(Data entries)
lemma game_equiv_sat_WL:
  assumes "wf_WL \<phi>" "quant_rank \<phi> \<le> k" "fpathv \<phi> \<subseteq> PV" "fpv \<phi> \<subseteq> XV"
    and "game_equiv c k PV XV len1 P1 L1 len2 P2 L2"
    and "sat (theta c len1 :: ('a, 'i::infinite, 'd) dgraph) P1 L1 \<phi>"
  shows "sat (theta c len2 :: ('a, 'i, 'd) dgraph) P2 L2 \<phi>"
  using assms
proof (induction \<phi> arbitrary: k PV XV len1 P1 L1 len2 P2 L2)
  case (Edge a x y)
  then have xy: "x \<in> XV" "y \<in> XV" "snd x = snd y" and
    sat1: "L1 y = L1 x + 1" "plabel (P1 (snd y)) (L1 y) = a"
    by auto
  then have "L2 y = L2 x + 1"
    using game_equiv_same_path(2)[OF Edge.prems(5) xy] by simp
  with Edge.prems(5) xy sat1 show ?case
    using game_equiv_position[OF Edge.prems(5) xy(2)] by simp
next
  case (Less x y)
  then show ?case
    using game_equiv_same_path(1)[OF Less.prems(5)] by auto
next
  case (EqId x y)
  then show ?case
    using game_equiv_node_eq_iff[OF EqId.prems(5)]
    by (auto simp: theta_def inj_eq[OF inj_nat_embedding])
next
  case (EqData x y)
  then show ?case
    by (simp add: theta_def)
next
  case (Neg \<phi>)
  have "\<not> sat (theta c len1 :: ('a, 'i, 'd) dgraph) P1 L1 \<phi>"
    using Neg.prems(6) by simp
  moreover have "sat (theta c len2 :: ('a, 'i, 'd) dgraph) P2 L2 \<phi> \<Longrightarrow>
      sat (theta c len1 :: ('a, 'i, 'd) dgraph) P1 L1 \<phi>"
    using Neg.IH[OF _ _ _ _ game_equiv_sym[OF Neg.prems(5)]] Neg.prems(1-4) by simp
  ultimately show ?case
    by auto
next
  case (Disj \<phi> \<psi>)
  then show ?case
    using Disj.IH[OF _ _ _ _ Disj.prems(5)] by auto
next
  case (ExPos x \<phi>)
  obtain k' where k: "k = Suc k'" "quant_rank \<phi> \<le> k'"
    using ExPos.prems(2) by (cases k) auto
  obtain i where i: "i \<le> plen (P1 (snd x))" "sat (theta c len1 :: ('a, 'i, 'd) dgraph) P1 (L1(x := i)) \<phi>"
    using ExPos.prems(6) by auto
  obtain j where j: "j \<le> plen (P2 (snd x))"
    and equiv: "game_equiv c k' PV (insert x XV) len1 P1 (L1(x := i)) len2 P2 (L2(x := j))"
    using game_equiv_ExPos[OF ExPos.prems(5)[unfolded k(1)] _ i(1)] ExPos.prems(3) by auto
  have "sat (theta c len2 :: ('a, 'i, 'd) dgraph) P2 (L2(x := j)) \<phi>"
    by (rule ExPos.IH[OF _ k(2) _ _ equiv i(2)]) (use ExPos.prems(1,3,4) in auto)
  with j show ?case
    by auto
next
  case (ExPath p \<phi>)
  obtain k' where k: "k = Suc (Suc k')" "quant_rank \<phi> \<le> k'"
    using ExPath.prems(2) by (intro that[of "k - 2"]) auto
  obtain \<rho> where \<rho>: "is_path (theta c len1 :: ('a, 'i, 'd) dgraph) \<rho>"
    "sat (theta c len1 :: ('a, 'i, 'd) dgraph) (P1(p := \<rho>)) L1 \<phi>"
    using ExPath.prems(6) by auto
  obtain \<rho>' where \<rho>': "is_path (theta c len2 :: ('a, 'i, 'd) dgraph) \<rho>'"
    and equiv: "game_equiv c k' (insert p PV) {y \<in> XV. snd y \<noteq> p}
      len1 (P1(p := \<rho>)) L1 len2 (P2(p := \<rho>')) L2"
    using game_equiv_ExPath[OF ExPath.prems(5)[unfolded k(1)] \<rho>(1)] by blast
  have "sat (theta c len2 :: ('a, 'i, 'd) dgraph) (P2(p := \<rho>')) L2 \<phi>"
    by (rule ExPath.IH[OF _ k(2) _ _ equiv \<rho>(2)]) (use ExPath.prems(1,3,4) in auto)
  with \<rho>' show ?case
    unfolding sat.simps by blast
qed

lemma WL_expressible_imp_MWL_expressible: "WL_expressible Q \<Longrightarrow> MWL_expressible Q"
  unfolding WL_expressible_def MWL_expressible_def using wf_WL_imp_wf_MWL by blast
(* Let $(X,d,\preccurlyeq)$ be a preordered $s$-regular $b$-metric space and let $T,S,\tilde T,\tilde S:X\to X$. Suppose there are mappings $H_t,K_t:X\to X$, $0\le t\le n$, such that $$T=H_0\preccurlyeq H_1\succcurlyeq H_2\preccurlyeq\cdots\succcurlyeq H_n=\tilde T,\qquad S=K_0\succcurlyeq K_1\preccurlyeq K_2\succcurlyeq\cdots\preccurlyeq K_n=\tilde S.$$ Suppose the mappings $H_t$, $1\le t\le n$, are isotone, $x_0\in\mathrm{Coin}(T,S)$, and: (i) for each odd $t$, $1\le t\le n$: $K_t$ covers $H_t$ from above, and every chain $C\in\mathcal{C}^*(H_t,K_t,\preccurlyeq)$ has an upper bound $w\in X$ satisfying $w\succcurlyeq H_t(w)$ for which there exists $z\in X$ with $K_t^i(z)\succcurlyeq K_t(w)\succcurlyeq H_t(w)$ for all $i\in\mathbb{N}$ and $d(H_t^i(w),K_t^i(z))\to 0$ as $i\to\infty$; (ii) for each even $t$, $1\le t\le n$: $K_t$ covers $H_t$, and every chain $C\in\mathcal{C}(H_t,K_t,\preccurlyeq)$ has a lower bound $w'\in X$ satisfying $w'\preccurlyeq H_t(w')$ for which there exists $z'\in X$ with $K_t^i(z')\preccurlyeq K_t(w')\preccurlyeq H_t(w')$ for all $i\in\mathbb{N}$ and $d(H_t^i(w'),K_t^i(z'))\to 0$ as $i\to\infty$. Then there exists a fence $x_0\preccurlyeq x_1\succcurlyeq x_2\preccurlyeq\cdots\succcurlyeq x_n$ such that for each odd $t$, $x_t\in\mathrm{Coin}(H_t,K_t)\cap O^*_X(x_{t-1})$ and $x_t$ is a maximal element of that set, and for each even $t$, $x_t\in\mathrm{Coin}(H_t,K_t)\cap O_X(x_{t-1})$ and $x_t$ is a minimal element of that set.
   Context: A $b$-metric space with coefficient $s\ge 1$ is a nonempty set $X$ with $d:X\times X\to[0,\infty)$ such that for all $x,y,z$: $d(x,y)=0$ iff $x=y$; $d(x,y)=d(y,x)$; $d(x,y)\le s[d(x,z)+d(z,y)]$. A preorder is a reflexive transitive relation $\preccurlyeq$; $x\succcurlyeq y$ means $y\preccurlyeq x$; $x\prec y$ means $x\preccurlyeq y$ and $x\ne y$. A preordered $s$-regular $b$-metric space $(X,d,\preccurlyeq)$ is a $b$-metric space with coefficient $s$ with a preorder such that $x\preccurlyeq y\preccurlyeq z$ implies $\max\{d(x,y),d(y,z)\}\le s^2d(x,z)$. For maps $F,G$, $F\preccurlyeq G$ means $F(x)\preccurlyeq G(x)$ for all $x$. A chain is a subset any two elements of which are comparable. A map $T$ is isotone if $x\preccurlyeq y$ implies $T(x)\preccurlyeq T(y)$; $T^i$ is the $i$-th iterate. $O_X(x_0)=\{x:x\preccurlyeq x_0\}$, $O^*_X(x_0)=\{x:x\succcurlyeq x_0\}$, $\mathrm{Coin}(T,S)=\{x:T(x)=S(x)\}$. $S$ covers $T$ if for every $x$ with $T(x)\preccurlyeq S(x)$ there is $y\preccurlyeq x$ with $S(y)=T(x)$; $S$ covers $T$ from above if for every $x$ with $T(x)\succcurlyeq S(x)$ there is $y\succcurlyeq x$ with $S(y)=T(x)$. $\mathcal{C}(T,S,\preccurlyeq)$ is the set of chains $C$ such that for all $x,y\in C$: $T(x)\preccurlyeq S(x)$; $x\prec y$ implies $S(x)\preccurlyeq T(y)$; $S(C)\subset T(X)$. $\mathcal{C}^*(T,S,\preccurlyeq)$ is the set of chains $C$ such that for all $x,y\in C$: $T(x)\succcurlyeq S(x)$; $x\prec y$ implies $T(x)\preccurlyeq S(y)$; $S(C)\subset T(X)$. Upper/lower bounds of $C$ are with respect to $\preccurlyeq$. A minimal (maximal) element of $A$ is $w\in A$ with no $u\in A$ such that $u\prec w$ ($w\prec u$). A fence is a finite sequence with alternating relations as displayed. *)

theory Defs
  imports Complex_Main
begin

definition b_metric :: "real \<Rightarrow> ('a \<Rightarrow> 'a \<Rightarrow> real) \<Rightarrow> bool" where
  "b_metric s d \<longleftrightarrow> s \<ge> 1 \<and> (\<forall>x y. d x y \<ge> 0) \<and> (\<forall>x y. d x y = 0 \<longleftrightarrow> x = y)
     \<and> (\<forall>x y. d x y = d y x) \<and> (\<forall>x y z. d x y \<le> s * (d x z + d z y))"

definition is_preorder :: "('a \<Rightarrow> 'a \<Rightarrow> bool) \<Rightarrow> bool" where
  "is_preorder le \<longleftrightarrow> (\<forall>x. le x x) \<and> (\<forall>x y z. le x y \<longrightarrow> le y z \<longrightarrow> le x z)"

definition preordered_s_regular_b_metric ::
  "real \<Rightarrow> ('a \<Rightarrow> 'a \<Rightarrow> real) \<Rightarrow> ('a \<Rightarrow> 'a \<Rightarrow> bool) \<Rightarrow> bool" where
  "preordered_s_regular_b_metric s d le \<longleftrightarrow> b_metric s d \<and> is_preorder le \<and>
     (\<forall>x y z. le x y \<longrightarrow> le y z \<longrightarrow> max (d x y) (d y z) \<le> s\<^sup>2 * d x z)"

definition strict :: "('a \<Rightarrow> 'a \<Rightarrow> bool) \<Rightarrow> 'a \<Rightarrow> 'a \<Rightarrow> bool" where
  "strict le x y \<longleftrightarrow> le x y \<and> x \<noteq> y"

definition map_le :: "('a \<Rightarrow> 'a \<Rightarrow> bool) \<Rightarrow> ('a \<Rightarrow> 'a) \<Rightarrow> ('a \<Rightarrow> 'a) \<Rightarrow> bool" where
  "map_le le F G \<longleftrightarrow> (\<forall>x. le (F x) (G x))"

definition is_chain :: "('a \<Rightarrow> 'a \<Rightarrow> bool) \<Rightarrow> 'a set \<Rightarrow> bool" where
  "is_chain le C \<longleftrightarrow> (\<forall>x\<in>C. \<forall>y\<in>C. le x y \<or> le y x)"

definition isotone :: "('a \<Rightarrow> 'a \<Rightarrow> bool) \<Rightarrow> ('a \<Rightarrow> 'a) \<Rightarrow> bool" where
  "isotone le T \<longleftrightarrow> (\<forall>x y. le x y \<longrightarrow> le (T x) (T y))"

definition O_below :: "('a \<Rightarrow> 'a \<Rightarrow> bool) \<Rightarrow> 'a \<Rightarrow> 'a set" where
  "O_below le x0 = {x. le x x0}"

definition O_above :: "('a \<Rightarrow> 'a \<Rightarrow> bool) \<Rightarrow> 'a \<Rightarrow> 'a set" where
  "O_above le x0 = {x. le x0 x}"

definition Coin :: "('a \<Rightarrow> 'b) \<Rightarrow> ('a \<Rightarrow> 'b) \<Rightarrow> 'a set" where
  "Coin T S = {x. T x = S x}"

### Exercise
Only a number is expected in reply: how many lines of the entries hold the word "plen"?

### Reply
2